There is chaos in global markets.
Bonds sold off sharply on Thursday morning for a second day in a row.
They've reversed the decline, but stocks are still lower, after the chaos spilled over.
Near 1:00 pm ET, the Dow was down 148 points, the S&P 500 was down 15 points, and the Nasdaq was down 30 points.
The International Monetary Fund slashed US growth forecasts, and urged the Federal Reserve to delay its first interest rate hike until 2016, in a statement that crossed as the stock market opened.
In a speech last month, Fed chair Janet Yellen said it would be appropriate to raise interest rates "at some point this year" if the economy continues to improve.
In a morning note before the open, Brean Capital's Peter Tchir wrote: "It is time to reduce US equity holdings for the near term and look for a 3% to 5% move lower. The Treasury weakness is NOT a 'risk on' trade it is a 'risk off' trade, where low yields are viewed as a risk asset and not a safe haven."
The sell off in global bonds started Wednesday, as European Central Bank president Mario Draghi gave a news conference in which he said markets should get used to episodes of higher volatility.

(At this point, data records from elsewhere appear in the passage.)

(* Consider the four-thread trace $T$ (positions 1–14): $acq(y)$ (thread 1), $w(z_1)$ (thread 1), $r(z_1)$ (thread 2), $w(x)$ (thread 2), $w(z_2)$ (thread 2), $r(z_2)$ (thread 1), $rel(y)$ (thread 1), $acq(y)$ (thread 3), $w(z_3)$ (thread 3), $r(z_3)$ (thread 4), $w(x)$ (thread 4), $w(z_4)$ (thread 4), $r(z_4)$ (thread 3), $rel(y)$ (thread 3). Let $e$ be the write on $x$ at position 4 and $f$ the write on $x$ at position 11. Then $(e,f)$ is a potential Lockset-PWR data race pair of $T$ (with $LS(e)=LS(f)=\emptyset$), but $(e,f)\notin\mathcal{P}(T)$. In particular, not every potential Lockset-PWR data race pair is predictable.
   Context: Traces. A trace $T$ is a finite sequence of pairwise distinct events. Each event $e$ belongs to a thread $\mathrm{tid}(e)$ and is one of: a read $r(x)$ or write $w(x)$ of a shared variable $x$, or an acquire $acq(y)$ or release $rel(y)$ of a lock $y$. $\mathrm{pos}_T(e)$ is the index of $e$ in $T$. The projection of $T$ onto thread $i$ is the subsequence of events of thread $i$. A critical section $CS$ on lock $y$ consists of a matching acquire/release pair $acq(CS)$, $rel(CS)$ in thread $i$ together with the events of thread $i$ between them; we write $e \in CS$. The lockset $LS(e)$ of an event $e$ is the set of locks $y$ such that $e$ belongs to some critical section on $y$. Two events are conflicting if they are reads/writes on the same variable, at least one is a write, and they belong to different threads. For a read $e$ on $x$, a write $f$ on $x$ is the last write of $e$ w.r.t. $T$ if $f$ precedes $e$ in $T$ and no other write on $x$ lies strictly between them. Correct reordering. $T'$ is a correctly reordered prefix of $T$ if $T'$ is a sequence of some of the events of $T$ such that: (i) for every thread $i$, the projection of $T'$ onto $i$ is a prefix of the projection of $T$ onto $i$; (ii) for every read $e$ in $T'$ whose last write w.r.t. $T$ is $f$, $f$ is in $T'$ and is also the last write of $e$ w.r.t. $T'$; (iii) for any two acquires $e_1,e_2$ on the same lock with $e_1$ before $e_2$ in $T'$, the matching release of $e_1$ is in $T'$ and lies strictly between $e_1$ and $e_2$. Predictable races. $(e,f)$ is a predictable data race pair of $T$ if $e,f$ are conflicting events of $T$ and there is a correctly reordered prefix $T'$ of $T$ in which $e$ appears immediately before $f$; if both are writes we additionally require $\mathrm{pos}_T(e)<\mathrm{pos}_T(f)$. $\mathcal{P}(T)$ denotes the set of all such pairs. PWR relation. $<^{PWR}$ is the smallest strict partial order on the events of $T$ such that: (PO) if $\mathrm{tid}(e)=\mathrm{tid}(f)$ and $\mathrm{pos}_T(e)<\mathrm{pos}_T(f)$ then $e<^{PWR}f$; (WRD) if the write $w$ is the last write w.r.t. $T$ of the read $r$ then $w<^{PWR}r$; (ROD) if $CS, CS'$ are distinct critical sections on the same lock, $e\in CS$, $f\in CS'$ and $e<^{PWR}f$, then $rel(CS)<^{PWR}f$. Potential pairs. $(e,f)$ is a potential Lockset-PWR data race pair if $e,f$ are conflicting, $LS(e)\cap LS(f)=\emptyset$, neither $e<^{PWR}f$ nor $f<^{PWR}e$, and either both are writes or $e$ is a read and $f$ a write. *)

theory Defs
  imports Main
begin
theorem lemma4p2:
  fixes V :: "'v set" and E :: "'v \<Rightarrow> 'v \<Rightarrow> bool"
    and d :: nat and a b c :: "nat \<Rightarrow> nat" and u v :: 'v
  assumes "distance_regular V E d a b c"
    and "d \<ge> 2"
    and "u \<in> V" and "v \<in> V" and "u \<noteq> v"
  shows "int (card {x\<in>V. gdist V E x u \<noteq> gdist V E x v}) \<ge> int (b 0) - int (c 2)"
proof -
  interpret distance_regular_graph V E d a b c by (rule distance_regular_graph.intro) fact
  define m where "m = card (N u \<inter> N v)"
  have "card ((N u - N v) \<union> (N v - N u)) \<le> card {x\<in>V. gdist V E x u \<noteq> gdist V E x v}"
    using card_mono[OF _ neighbours_sym_diff_distinguish[OF simple connected assms(3,4)]]
      finite_V by simp
  moreover have "card ((N u - N v) \<union> (N v - N u)) = (b 0 - m) + (b 0 - m)"
    using card_Un_disjoint[of "N u - N v" "N v - N u"] finite_neighbours
      card_neighbours_diff[OF assms(3), of v] card_neighbours_diff[OF assms(4), of u]
    unfolding m_def by (auto simp: Int_commute)
  moreover have "2 * m \<le> b 0 + c 2"
    using common_neighbours_bound[OF assms(2-5)] unfolding m_def .
  ultimately show ?thesis by linarith
qed

end
lemma homotopic_with_retraction_id:
  assumes W: "compact_space W" and h: "continuous_map W (realization_top L) h"
    and fixed: "\<And>s. s \<in> S \<Longrightarrow> h s \<in> realization K"
  shows "homotopic_with (\<lambda>k. \<forall>s\<in>S. k s = h s) W (realization_top L) (g \<circ> h) h"
proof -
  define H where "H = (\<lambda>(t, w). convex_comb t (g (h w)) (h w))"
  have "continuous_map (prod_topology (top_of_set {0..1}) W) (realization_top L) H"
    unfolding H_def by (rule continuous_map_straight_line_homotopy[OF W h])
  moreover have "H (0, x) = (g \<circ> h) x" "H (1, x) = h x" for x
    by (simp_all add: H_def)
  moreover have "H (t, s) = h s" if "s \<in> S" for t s
    using retraction[OF fixed[OF that]] by (simp add: H_def)
  ultimately show ?thesis
    unfolding homotopic_with_def by (intro exI[of _ H]) simp
qed

lemma homotopic_with_compose_retraction:
  assumes W: "compact_space W" and hom: "homotopic_with P W (realization_top L) p q"
    and P: "\<And>k. P k \<Longrightarrow> P (g \<circ> k)"
  shows "homotopic_with P W (realization_top K) (g \<circ> p) (g \<circ> q)"
proof -
  obtain H where H: "continuous_map (prod_topology (top_of_set {0..1::real}) W) (realization_top L) H"
    "\<forall>x. H (0, x) = p x" "\<forall>x. H (1, x) = q x" "\<forall>t\<in>{0..1}. P (\<lambda>x. H (t, x))"
    using hom unfolding homotopic_with_def by blast
  show ?thesis
    unfolding homotopic_with_def
  proof (intro exI[of _ "g \<circ> H"] conjI allI ballI)
    show "continuous_map (prod_topology (top_of_set {0..1}) W) (realization_top K) (g \<circ> H)"
      by (rule continuous_map_compose_retraction[OF compact_space_unit_interval_prod[OF W] H(1)])
    fix t :: real assume "t \<in> {0..1}"
    then have "P (g \<circ> (\<lambda>x. H (t, x)))" using P H(4) by blast
    then show "P (\<lambda>x. (g \<circ> H) (t, x))" by (simp add: o_def)
  qed (simp_all add: H(2,3))
qed

lemma path_component_of_retraction:
  assumes "y \<in> realization L"
  shows "path_component_of (realization_top L) (g y) y"
proof -
  have y: "support y \<in> L" "y \<in> closed_simplex (support y)"
    using realizationD[OF assms] by auto
  have "pathin (realization_top L) (\<lambda>t. convex_comb t (g y) y)"
    by (rule pathin_convex_comb[OF complex_L carrier(1)[OF y(1)] carrier(3)[OF y] in_closed_simplex_carrier[OF y]])
  then show ?thesis
    unfolding path_component_of_def by (intro exI[of _ "\<lambda>t. convex_comb t (g y) y"]) simp
qed

lemma path_component_of_reflects:
  assumes "x \<in> realization K" "x' \<in> realization K"
    and "path_component_of (realization_top L) x x'"
  shows "path_component_of (realization_top K) x x'"
proof -
  obtain q where q: "pathin (realization_top L) q" "q 0 = x" "q 1 = x'"
    using assms(3) unfolding path_component_of_def by blast
  have "pathin (realization_top K) (g \<circ> q)"
    using continuous_map_compose_retraction[of "top_of_set {0..1}" q] q(1)
    by (simp add: pathin_def compact_space_subtopology)
  moreover have "(g \<circ> q) 0 = x" "(g \<circ> q) 1 = x'"
    using q(2,3) retraction[OF assms(1)] retraction[OF assms(2)] by simp_all
  ultimately show ?thesis
    unfolding path_component_of_def by blast
qed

Draghi also emphasized that the ECB had no intention to soon end its €60 billion bond-buying program, called quantitative easing, before its planned end date of September 2016.
Bond yields, which move in the opposite direction to their prices, spiked across Europe on Wednesday, and on Thursday this move is continuing, with German bund yields and US Treasury yields hitting new 2015 highs and continuing to climb overnight.
Here's the rise in US Treasury yields this week.
And German bunds.
According to Bloomberg, bonds wiped out all their gains for the year.
Tom di Galoma, head of fixed-income rates and credit at ED&F Man Capital Markets, told Bloomberg: "This is sheer panic in the market from the standpoint of what's been happening in Europe ... Most of Wall Street is guarded here as far as taking on new positions."
The benchmark US 10-year treasury yield pushed higher to about 2.42% overnight, a level it hadn't touched since October. German bund yields rose to about 0.99%.
About six weeks ago, the German 10-year bund was trading near 0.05% and the 10-year Treasury note was trading around 1.9%.
In commodities, crude oil prices are sliding ahead of the June meeting of the Organisation of Petroleum Exporting Countries. The 12-member cartel is widely expected to keep production levels unchanged to maintain its market share.
West Texas Intermediate crude, the US benchmark, fell more than 2% to a one-week low of around $58.24 per barrel. Brent crude, the international benchmark, also slumped 2%.